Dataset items
▽
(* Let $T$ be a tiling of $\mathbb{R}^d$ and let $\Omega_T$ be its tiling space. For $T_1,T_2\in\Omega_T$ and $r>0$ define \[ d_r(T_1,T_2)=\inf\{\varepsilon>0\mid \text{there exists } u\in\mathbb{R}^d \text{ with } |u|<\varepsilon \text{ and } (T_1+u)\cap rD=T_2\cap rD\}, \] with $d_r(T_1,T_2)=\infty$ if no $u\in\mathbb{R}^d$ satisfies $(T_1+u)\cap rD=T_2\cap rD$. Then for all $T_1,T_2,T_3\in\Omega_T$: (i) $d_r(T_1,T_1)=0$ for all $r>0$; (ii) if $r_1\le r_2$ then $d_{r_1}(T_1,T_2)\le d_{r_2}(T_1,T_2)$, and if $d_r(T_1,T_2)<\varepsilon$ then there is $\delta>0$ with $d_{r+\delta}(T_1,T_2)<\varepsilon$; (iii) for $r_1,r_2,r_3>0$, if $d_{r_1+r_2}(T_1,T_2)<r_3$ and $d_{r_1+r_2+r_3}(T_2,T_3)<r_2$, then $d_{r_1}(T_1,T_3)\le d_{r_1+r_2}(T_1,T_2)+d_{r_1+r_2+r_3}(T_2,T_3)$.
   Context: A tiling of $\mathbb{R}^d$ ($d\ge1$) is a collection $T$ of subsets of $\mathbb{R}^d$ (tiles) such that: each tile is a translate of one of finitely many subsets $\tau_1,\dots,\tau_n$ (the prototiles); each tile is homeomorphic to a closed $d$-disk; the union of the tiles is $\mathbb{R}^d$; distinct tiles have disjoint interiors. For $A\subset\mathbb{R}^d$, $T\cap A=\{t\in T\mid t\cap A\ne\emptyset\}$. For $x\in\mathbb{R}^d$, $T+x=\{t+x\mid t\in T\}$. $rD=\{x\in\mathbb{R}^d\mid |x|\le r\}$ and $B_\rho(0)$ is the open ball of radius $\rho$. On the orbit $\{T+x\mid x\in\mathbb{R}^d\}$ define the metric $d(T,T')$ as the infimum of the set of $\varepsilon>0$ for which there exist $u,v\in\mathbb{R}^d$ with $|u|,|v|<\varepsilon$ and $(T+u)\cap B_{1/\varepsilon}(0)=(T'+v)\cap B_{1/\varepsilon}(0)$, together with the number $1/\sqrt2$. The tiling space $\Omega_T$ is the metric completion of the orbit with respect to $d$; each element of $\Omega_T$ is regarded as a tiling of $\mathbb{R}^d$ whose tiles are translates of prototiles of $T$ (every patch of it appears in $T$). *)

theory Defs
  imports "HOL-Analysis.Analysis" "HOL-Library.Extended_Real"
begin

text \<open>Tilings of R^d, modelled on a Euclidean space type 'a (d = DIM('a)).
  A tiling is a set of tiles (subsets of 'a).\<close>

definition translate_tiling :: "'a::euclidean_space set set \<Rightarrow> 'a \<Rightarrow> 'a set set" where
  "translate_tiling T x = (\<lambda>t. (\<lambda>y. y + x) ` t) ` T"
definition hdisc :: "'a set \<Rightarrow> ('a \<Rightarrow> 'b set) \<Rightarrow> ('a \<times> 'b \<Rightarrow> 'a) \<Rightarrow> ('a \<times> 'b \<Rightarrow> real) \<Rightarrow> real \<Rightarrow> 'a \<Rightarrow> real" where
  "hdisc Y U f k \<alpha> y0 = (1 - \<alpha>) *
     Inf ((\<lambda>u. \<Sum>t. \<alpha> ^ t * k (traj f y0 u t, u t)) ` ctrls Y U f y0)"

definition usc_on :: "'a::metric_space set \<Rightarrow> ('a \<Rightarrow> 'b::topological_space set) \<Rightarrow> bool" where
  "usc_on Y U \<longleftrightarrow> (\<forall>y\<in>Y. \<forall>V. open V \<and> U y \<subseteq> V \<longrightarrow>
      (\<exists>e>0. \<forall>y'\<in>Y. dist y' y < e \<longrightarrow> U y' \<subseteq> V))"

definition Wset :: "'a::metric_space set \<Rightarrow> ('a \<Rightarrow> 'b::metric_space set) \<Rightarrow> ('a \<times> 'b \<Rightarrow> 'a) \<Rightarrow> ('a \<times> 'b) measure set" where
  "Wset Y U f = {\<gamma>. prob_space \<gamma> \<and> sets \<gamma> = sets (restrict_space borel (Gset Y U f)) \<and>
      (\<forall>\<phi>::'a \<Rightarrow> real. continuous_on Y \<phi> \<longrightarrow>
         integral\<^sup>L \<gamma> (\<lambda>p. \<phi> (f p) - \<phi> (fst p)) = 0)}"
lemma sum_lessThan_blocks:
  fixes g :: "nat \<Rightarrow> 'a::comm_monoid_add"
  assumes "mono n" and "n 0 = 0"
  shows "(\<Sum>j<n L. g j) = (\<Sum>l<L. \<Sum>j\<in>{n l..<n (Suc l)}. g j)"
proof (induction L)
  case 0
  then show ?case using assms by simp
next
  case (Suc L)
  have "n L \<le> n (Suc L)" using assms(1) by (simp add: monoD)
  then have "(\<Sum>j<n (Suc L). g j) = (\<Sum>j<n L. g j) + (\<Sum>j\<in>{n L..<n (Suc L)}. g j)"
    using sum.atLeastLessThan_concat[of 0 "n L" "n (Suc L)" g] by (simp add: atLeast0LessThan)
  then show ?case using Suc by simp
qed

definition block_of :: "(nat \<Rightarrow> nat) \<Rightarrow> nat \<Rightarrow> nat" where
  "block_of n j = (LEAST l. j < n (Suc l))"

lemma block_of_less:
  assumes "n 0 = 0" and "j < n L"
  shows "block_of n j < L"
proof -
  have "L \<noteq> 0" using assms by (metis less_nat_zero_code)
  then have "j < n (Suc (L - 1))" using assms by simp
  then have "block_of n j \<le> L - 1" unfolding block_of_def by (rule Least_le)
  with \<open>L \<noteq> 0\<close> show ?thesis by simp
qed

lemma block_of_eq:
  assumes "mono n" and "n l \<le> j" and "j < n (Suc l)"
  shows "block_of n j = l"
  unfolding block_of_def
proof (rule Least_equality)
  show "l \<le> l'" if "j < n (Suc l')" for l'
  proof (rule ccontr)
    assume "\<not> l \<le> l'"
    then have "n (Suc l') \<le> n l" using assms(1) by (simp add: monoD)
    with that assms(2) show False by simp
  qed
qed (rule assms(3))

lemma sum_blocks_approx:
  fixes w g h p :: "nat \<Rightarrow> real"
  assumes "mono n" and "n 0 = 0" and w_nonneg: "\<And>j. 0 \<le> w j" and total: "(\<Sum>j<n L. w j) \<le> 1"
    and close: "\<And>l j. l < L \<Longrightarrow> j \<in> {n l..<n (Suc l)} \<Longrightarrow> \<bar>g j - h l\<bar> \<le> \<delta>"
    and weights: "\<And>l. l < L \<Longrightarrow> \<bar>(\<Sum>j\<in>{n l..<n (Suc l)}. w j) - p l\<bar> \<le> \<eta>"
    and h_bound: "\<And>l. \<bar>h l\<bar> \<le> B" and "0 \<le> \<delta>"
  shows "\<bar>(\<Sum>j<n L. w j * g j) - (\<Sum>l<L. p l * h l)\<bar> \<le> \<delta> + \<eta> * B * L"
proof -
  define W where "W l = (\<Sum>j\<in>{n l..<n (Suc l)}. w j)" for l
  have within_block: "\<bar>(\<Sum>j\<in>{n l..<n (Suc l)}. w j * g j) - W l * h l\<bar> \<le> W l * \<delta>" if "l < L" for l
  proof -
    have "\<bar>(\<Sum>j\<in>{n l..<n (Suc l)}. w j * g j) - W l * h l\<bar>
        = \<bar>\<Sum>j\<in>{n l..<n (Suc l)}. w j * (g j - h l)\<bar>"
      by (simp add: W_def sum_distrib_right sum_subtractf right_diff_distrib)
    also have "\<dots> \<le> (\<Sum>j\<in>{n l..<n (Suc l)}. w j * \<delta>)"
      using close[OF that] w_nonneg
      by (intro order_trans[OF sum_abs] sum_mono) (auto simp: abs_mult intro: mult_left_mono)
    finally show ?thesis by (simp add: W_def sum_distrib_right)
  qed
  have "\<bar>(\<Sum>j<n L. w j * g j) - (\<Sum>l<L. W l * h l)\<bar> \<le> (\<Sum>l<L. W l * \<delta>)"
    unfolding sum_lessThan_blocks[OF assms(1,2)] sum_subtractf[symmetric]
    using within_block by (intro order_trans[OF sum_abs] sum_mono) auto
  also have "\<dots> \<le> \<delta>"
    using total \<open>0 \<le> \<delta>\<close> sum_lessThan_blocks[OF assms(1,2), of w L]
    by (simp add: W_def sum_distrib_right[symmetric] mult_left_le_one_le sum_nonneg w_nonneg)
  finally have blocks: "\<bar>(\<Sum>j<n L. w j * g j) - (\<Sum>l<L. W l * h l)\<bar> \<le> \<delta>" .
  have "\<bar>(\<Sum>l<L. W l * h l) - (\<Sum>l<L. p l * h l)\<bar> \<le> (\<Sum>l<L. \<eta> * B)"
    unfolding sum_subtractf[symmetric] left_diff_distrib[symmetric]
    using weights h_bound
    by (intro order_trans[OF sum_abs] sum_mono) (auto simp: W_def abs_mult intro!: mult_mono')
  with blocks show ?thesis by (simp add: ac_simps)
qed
△
- _ABOUT THIS EXERCISE_:
Run a filter over the data above and keep each line that contains the word "weights".

- _TASK ANSWER_:
    and weights: "\<And>l. l < L \<Longrightarrow> \<bar>(\<Sum>j\<in>{n l..<n (Suc l)}. w j) - p l\<bar> \<le> \<eta>"
    using weights h_bound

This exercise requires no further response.